Dataset entries:
——————

(* Let $n\ge 1$, let $D^{n+1}\subset\mathbb{R}^{n+1}$ be the closed unit disk and $S^n=\partial D^{n+1}$ the unit sphere. Let $U_1,\ldots,U_k\subset D^{n+1}$ be the pieces of a cleavage of $D^{n+1}$ by oriented affine hyperplanes (as described in the context), let $N_i=U_i\cap S^n$, let $c_i$ be the centre of mass of $U_i$, and let $\beta=\bigcup_{i=1}^k \partial U_i$ be the blueprint, where $\partial U_i$ denotes the frontier of $U_i$ in $D^{n+1}$. For $s\in S^n\setminus N_i$ let $l(s,c_i)$ be the line segment from $s$ to $c_i$. Define $$\alpha\colon \coprod_{i=1}^k \left(S^n\setminus N_i\right)\to \beta$$ by sending $s$ in the $i$-th summand to the point of $\beta$ that lies on $l(s,c_i)$ and on the boundary $\partial U_i$. Then $\alpha$ is well defined (for each such $s$ there is exactly one such point, and it lies in $\beta$), and the restriction of $\alpha$ to any single connected component of any one of the complements $S^n\setminus N_i$ is injective.
   Context: A cleavage of $D^{n+1}$ into $k$ pieces is obtained recursively: an oriented affine hyperplane $P$ (an element of $\mathrm{Gr}_n(\mathbb{R}^{n+1})\times\mathbb{R}$) cuts the current piece $W$ (initially $D^{n+1}$) into two closed pieces $W\cap H^+$ and $W\cap H^-$, where $H^\pm$ are the two closed half-spaces bounded by $P$ (the first piece being the one in the direction of the normal vector of $P$), each required to have nonempty interior; each of these pieces is then further cut recursively by further hyperplanes, according to a binary rooted planar tree whose $k-1$ internal vertices are decorated by the hyperplanes $P_1,\ldots,P_{k-1}$. The resulting $k$ pieces $U_1,\ldots,U_k$ (outgoing colours) are each of the form $D^{n+1}\cap H_{1}\cap\cdots\cap H_{r}$ for closed half-spaces $H_j$ bounded by some of the hyperplanes $P_1,\dots,P_{k-1}$, and have nonempty interior; their union is $D^{n+1}$ and distinct pieces meet only inside the union of the hyperplanes. The sets $N_i=U_i\cap S^n$ are the corresponding outgoing colours of the cleavage of $S^n$, and $S^n\setminus N_i$ is the complement of $N_i$ in $S^n$. *)

theory Defs
  imports "HOL-Analysis.Analysis"
begin
(* Let $q\in\,]0,1[$, $\omega\ge0$, let $I$ be an interval containing $\omega_0:=\omega/(1-q)$, $\alpha,\beta\in\mathbb{R}$, and suppose $a,b\in I$ with $a<b$ and $a,b\in[c]_{q,\omega}$ for some $c\in I$. Let $L:I\times\mathbb{R}\times\mathbb{R}\to\mathbb{R}$ satisfy: (H1) for every $t\in I$, $(u,v)\mapsto L(t,u,v)$ is $C^1(\mathbb{R}^2,\mathbb{R})$; (H2) for every admissible $y$, $t\mapsto L(t,y(\sigma(t)),\tilde D_{q,\omega}[y](t))$ is continuous at $\omega_0$; (H3) for every admissible $y$, $t\mapsto\partial_2L(t,y(\sigma(t)),\tilde D_{q,\omega}[y](t))$ and $t\mapsto\partial_3L(t,y(\sigma(t)),\tilde D_{q,\omega}[y](t))$ belong to $\mathcal{Y}^1([a,b]_{q,\omega},\mathbb{R})$. Assume $L$ is jointly convex (resp. jointly concave) in $(u,v)$. If an admissible function $y_*$ satisfies, for all $t\in[a,b]_{q,\omega}$, $$\partial_2L\bigl(t,y_*(\sigma(t)),\tilde D_{q,\omega}[y_*](t)\bigr)=\tilde D_{q,\omega}\Bigl[\tau\mapsto\partial_3L\bigl(\sigma(\tau),y_*(\sigma^2(\tau)),\tilde D_{q,\omega}[y_*](\sigma(\tau))\bigr)\Bigr](t),$$ then $y_*$ is a global minimizer (resp. maximizer) of problem (P), i.e. $\mathcal{L}(y_* )\le\mathcal{L}(y)$ (resp. $\ge$) for every admissible $y$.
   Context: $\sigma(t):=qt+\omega$, $\sigma^{-1}(t):=q^{-1}(t-\omega)$, $\sigma^k$ the $k$-fold composition. Hahn symmetric derivative: for $t\neq\omega_0$, $\tilde D_{q,\omega}[f](t):=\frac{f(\sigma(t))-f(\sigma^{-1}(t))}{\sigma(t)-\sigma^{-1}(t)}$; $\tilde D_{q,\omega}[f](\omega_0):=f'(\omega_0)$ (classical). Hahn symmetric integral: $\int_{\omega_0}^xF\,\tilde d_{q,\omega}t:=(\sigma^{-1}(x)-\sigma(x))\sum_{n\ge0}q^{2n+1}F(\sigma^{2n+1}(x))$, $\int_a^bF\,\tilde d_{q,\omega}t:=\int_{\omega_0}^bF\,\tilde d_{q,\omega}t-\int_{\omega_0}^aF\,\tilde d_{q,\omega}t$. $[s]_{q,\omega}:=\{\sigma^{2n+1}(s):n\in\mathbb{N}_0\}\cup\{\omega_0\}$, $[a,b]_{q,\omega}:=[a]_{q,\omega}\cup[b]_{q,\omega}$. $\mathcal{Y}^1([a,b]_{q,\omega},\mathbb{R})$: functions $y:I\to\mathbb{R}$ with $y$ and $\tilde D_{q,\omega}[y]$ bounded on $[a,b]_{q,\omega}$ and continuous at $\omega_0$. Problem (P): extremize $\mathcal{L}(y):=\int_a^bL(t,y(\sigma(t)),\tilde D_{q,\omega}[y](t))\,\tilde d_{q,\omega}t$ over admissible $y$, i.e. $y\in\mathcal{Y}^1([a,b]_{q,\omega},\mathbb{R})$ with $y(a)=\alpha$, $y(b)=\beta$. $L$ is jointly convex (resp. concave) in $(u,v)$ if $\partial_2L,\partial_3L$ exist, are continuous, and $L(t,u+u_1,v+v_1)-L(t,u,v)\ge$ (resp. $\le$) $\partial_2L(t,u,v)u_1+\partial_3L(t,u,v)v_1$ for all $(t,u,v),(t,u+u_1,v+v_1)\in I\times\mathbb{R}^2$. $\partial_jL$ is the partial derivative in the $j$-th argument. *)

theory Defs
  imports "HOL-Analysis.Analysis"
begin

definition hsig :: "real \<Rightarrow> real \<Rightarrow> real \<Rightarrow> real" where
  "hsig q \<omega> t = q * t + \<omega>"

definition hsig_inv :: "real \<Rightarrow> real \<Rightarrow> real \<Rightarrow> real" where
  "hsig_inv q \<omega> t = (t - \<omega>) / q"

definition hom0 :: "real \<Rightarrow> real \<Rightarrow> real" where
  "hom0 q \<omega> = \<omega> / (1 - q)"

definition hahnD :: "real \<Rightarrow> real \<Rightarrow> real set \<Rightarrow> (real \<Rightarrow> real) \<Rightarrow> real \<Rightarrow> real" where
  "hahnD q \<omega> I f t =
     (if t = hom0 q \<omega> then (SOME d. (f has_real_derivative d) (at t within I))
      else (f (hsig q \<omega> t) - f (hsig_inv q \<omega> t)) / (hsig q \<omega> t - hsig_inv q \<omega> t))"

definition hahn_int0 :: "real \<Rightarrow> real \<Rightarrow> (real \<Rightarrow> real) \<Rightarrow> real \<Rightarrow> real" where
  "hahn_int0 q \<omega> F x =
     (hsig_inv q \<omega> x - hsig q \<omega> x) *
       (\<Sum>n. q ^ (2 * n + 1) * F ((hsig q \<omega> ^^ (2 * n + 1)) x))"

definition hahn_int :: "real \<Rightarrow> real \<Rightarrow> (real \<Rightarrow> real) \<Rightarrow> real \<Rightarrow> real \<Rightarrow> real" where
  "hahn_int q \<omega> F a b = hahn_int0 q \<omega> F b - hahn_int0 q \<omega> F a"

definition qset :: "real \<Rightarrow> real \<Rightarrow> real \<Rightarrow> real set" where
  "qset q \<omega> s = {(hsig q \<omega> ^^ (2 * n + 1)) s | n. True} \<union> {hom0 q \<omega>}"

definition qint :: "real \<Rightarrow> real \<Rightarrow> real \<Rightarrow> real \<Rightarrow> real set" where
  "qint q \<omega> a b = qset q \<omega> a \<union> qset q \<omega> b"

text \<open>The class Y^1([a,b]_{q,omega}, R).  Differentiability at omega0 is
  required so that the Hahn derivative at omega0 is defined.\<close>
definition Y1 :: "real \<Rightarrow> real \<Rightarrow> real set \<Rightarrow> real \<Rightarrow> real \<Rightarrow> (real \<Rightarrow> real) \<Rightarrow> bool" where
  "Y1 q \<omega> I a b y \<longleftrightarrow>
     y differentiable (at (hom0 q \<omega>) within I) \<and>
     bounded (y ` qint q \<omega> a b) \<and>
     bounded (hahnD q \<omega> I y ` qint q \<omega> a b) \<and>
     continuous (at (hom0 q \<omega>) within I) y \<and>
     continuous (at (hom0 q \<omega>) within I) (hahnD q \<omega> I y)"

definition admissible :: "real \<Rightarrow> real \<Rightarrow> real set \<Rightarrow> real \<Rightarrow> real \<Rightarrow> real \<Rightarrow> real
     \<Rightarrow> (real \<Rightarrow> real) \<Rightarrow> bool" where
  "admissible q \<omega> I a b \<alpha> \<beta> y \<longleftrightarrow> Y1 q \<omega> I a b y \<and> y a = \<alpha> \<and> y b = \<beta>"

definition functionalL :: "real \<Rightarrow> real \<Rightarrow> real set \<Rightarrow> (real \<Rightarrow> real \<Rightarrow> real \<Rightarrow> real)
     \<Rightarrow> real \<Rightarrow> real \<Rightarrow> (real \<Rightarrow> real) \<Rightarrow> real" where
  "functionalL q \<omega> I L a b y =
     hahn_int q \<omega> (\<lambda>t. L t (y (hsig q \<omega> t)) (hahnD q \<omega> I y t)) a b"

definition part2 :: "(real \<Rightarrow> real \<Rightarrow> real \<Rightarrow> real) \<Rightarrow> real \<Rightarrow> real \<Rightarrow> real \<Rightarrow> real" where
  "part2 L t u v = deriv (\<lambda>u'. L t u' v) u"

definition part3 :: "(real \<Rightarrow> real \<Rightarrow> real \<Rightarrow> real) \<Rightarrow> real \<Rightarrow> real \<Rightarrow> real \<Rightarrow> real" where
  "part3 L t u v = deriv (\<lambda>v'. L t u v') v"

definition C1_R2 :: "(real \<times> real \<Rightarrow> real) \<Rightarrow> bool" where
  "C1_R2 f \<longleftrightarrow> (\<exists>D. (\<forall>p. (f has_derivative D p) (at p)) \<and>
                     (\<forall>h. continuous_on UNIV (\<lambda>p. D p h)))"

definition jointly_convex :: "real set \<Rightarrow> (real \<Rightarrow> real \<Rightarrow> real \<Rightarrow> real) \<Rightarrow> bool" where
  "jointly_convex I L \<longleftrightarrow>
     (\<forall>t\<in>I. \<forall>u v u1 v1. L t (u + u1) (v + v1) - L t u v \<ge> part2 L t u v * u1 + part3 L t u v * v1)"

definition jointly_concave :: "real set \<Rightarrow> (real \<Rightarrow> real \<Rightarrow> real \<Rightarrow> real) \<Rightarrow> bool" where
  "jointly_concave I L \<longleftrightarrow>
     (\<forall>t\<in>I. \<forall>u v u1 v1. L t (u + u1) (v + v1) - L t u v \<le> part2 L t u v * u1 + part3 L t u v * v1)"

end

theory Submission
  imports Defs
begin

text \<open>The Hahn integral from \<open>\<omega>\<^sub>0\<close> to \<open>x\<close> samples the orbit \<open>\<sigma>\<^sup>2\<^sup>n\<^sup>+\<^sup>1(x)\<close>, which
  converges geometrically to the fixed point \<open>\<omega>\<^sub>0\<close> of \<open>\<sigma>\<close>. Along this orbit a telescoping sum
  gives the fundamental theorem \<open>\<integral>\<^sub>\<omega>\<^sub>0\<^sup>x D[g] = g(x) - g(\<omega>\<^sub>0)\<close> for \<open>g\<close> continuous at \<open>\<omega>\<^sub>0\<close>,
  and a product rule turns the Euler--Lagrange equation into the statement that the first
  variation \<open>\<partial>\<^sub>2L\<cdot>h(\<sigma>t) + \<partial>\<^sub>3L\<cdot>D[h](t)\<close> is the Hahn derivative of
  \<open>\<tau> \<mapsto> \<partial>\<^sub>3L(\<sigma>\<tau>, \<dots>)\<cdot>h(\<tau>)\<close>. For \<open>h = y - y\<^sub>*\<close>, which vanishes at \<open>a\<close> and \<open>b\<close>, its integral over
  \<open>[a,b]\<close> is therefore zero. Joint convexity bounds the difference of the Lagrangians along \<open>y\<close>
  and \<open>y\<^sub>*\<close> from below by the first variation, and the Hahn integral over \<open>[a,b]\<close> is monotone
  because \<open>a\<close> and \<open>b\<close> lie on a common orbit: one is \<open>\<sigma>\<^sup>2\<^sup>j\<close> of the other, so the two integrals
  from \<open>\<omega>\<^sub>0\<close> differ by a finite sum of nonnegative terms.\<close>

section \<open>Orbits of the Hahn shift\<close>

lemma hom0_times_one_minus: "q \<noteq> 1 \<Longrightarrow> hom0 q \<omega> * (1 - q) = \<omega>"
  unfolding hom0_def by simp

lemma hsig_eq:
  assumes "q \<noteq> 1"
  shows "hsig q \<omega> x = hom0 q \<omega> + q * (x - hom0 q \<omega>)"
  using hom0_times_one_minus[OF assms, of \<omega>] unfolding hsig_def
  by (simp add: algebra_simps)

lemma hsig_hom0: "q \<noteq> 1 \<Longrightarrow> hsig q \<omega> (hom0 q \<omega>) = hom0 q \<omega>"
  by (simp add: hsig_eq)

lemma hsig_inv_eq:
  assumes "q \<noteq> 0" "q \<noteq> 1"
  shows "hsig_inv q \<omega> x = hom0 q \<omega> + (x - hom0 q \<omega>) / q"
proof -
  have "x - \<omega> = q * hom0 q \<omega> + (x - hom0 q \<omega>)"
    using hom0_times_one_minus[OF assms(2), of \<omega>] by (simp add: algebra_simps)
  then show ?thesis using assms(1) unfolding hsig_inv_def by (simp only: add_divide_distrib) simp
qed

lemma hsig_funpow:
  assumes "q \<noteq> 1"
  shows "(hsig q \<omega> ^^ n) x = hom0 q \<omega> + q ^ n * (x - hom0 q \<omega>)"
  by (induction n) (simp_all add: hsig_eq[OF assms])

lemma hsig_hsig_inv: "q \<noteq> 0 \<Longrightarrow> hsig q \<omega> (hsig_inv q \<omega> t) = t"
  unfolding hsig_def hsig_inv_def by simp

lemma hsig_inv_hsig: "q \<noteq> 0 \<Longrightarrow> hsig_inv q \<omega> (hsig q \<omega> t) = t"
  unfolding hsig_def hsig_inv_def by simp

lemma hsig_inv_minus_hsig:
  assumes "q \<noteq> 0" "q \<noteq> 1"
  shows "hsig_inv q \<omega> x - hsig q \<omega> x = (1 / q - q) * (x - hom0 q \<omega>)"
  using assms by (simp add: hsig_inv_eq hsig_eq algebra_simps diff_divide_distrib)

lemma hsig_funpow_eq_hom0_iff:
  assumes "q \<noteq> 0" "q \<noteq> 1"
  shows "(hsig q \<omega> ^^ n) x = hom0 q \<omega> \<longleftrightarrow> x = hom0 q \<omega>"
  using assms by (simp add: hsig_funpow)

lemma one_div_minus_pos: "0 < q \<Longrightarrow> q < 1 \<Longrightarrow> 0 < 1 / q - (q::real)"
  by (simp add: field_simps mult_strict_mono' power2_eq_square[symmetric] power_less_one_iff)

lemma hsig_funpow_in_interval:
  assumes "is_interval I" "hom0 q \<omega> \<in> I" "x \<in> I" "0 \<le> q" "q < 1"
  shows "(hsig q \<omega> ^^ n) x \<in> I"
proof (induction n)
  case (Suc n)
  have "convex I" using assms(1) by (simp add: is_interval_convex_1)
  from convexD_alt[OF this assms(2) Suc assms(4)] assms(5)
  show ?case by (simp add: hsig_eq algebra_simps)
qed (simp add: assms(3))

lemma hsig_funpow_LIMSEQ:
  assumes "0 < q" "q < 1"
  shows "(\<lambda>n. (hsig q \<omega> ^^ n) x) \<longlonglongrightarrow> hom0 q \<omega>"
proof -
  have "(\<lambda>n. hom0 q \<omega> + q ^ n * (x - hom0 q \<omega>)) \<longlonglongrightarrow> hom0 q \<omega> + 0 * (x - hom0 q \<omega>)"
    using assms by (intro tendsto_intros LIMSEQ_power_zero) simp
  then show ?thesis using assms by (simp add: hsig_funpow)
qed

lemma continuous_along_hsig_orbit:
  assumes "0 < q" "q < 1" "is_interval I" "hom0 q \<omega> \<in> I" "x \<in> I"
    and "continuous (at (hom0 q \<omega>) within I) f" "strict_mono r"
  shows "(\<lambda>n. f ((hsig q \<omega> ^^ r n) x)) \<longlonglongrightarrow> f (hom0 q \<omega>)"
  using continuous_within_tendsto_compose[OF assms(6) _
          LIMSEQ_subseq_LIMSEQ[OF hsig_funpow_LIMSEQ[OF assms(1,2)] assms(7)]]
    hsig_funpow_in_interval[OF assms(3-5)] assms(1,2)
  by (simp add: o_def)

——————

Could you write out, exactly as they stand, only the lines above that begin at the line with "theory Submission" and stop after the line with "its integral over"?

theory Submission
  imports Defs
begin

text \<open>The Hahn integral from \<open>\<omega>\<^sub>0\<close> to \<open>x\<close> samples the orbit \<open>\<sigma>\<^sup>2\<^sup>n\<^sup>+\<^sup>1(x)\<close>, which
  converges geometrically to the fixed point \<open>\<omega>\<^sub>0\<close> of \<open>\<sigma>\<close>. Along this orbit a telescoping sum
  gives the fundamental theorem \<open>\<integral>\<^sub>\<omega>\<^sub>0\<^sup>x D[g] = g(x) - g(\<omega>\<^sub>0)\<close> for \<open>g\<close> continuous at \<open>\<omega>\<^sub>0\<close>,
  and a product rule turns the Euler--Lagrange equation into the statement that the first
  variation \<open>\<partial>\<^sub>2L\<cdot>h(\<sigma>t) + \<partial>\<^sub>3L\<cdot>D[h](t)\<close> is the Hahn derivative of
  \<open>\<tau> \<mapsto> \<partial>\<^sub>3L(\<sigma>\<tau>, \<dots>)\<cdot>h(\<tau>)\<close>. For \<open>h = y - y\<^sub>*\<close>, which vanishes at \<open>a\<close> and \<open>b\<close>, its integral over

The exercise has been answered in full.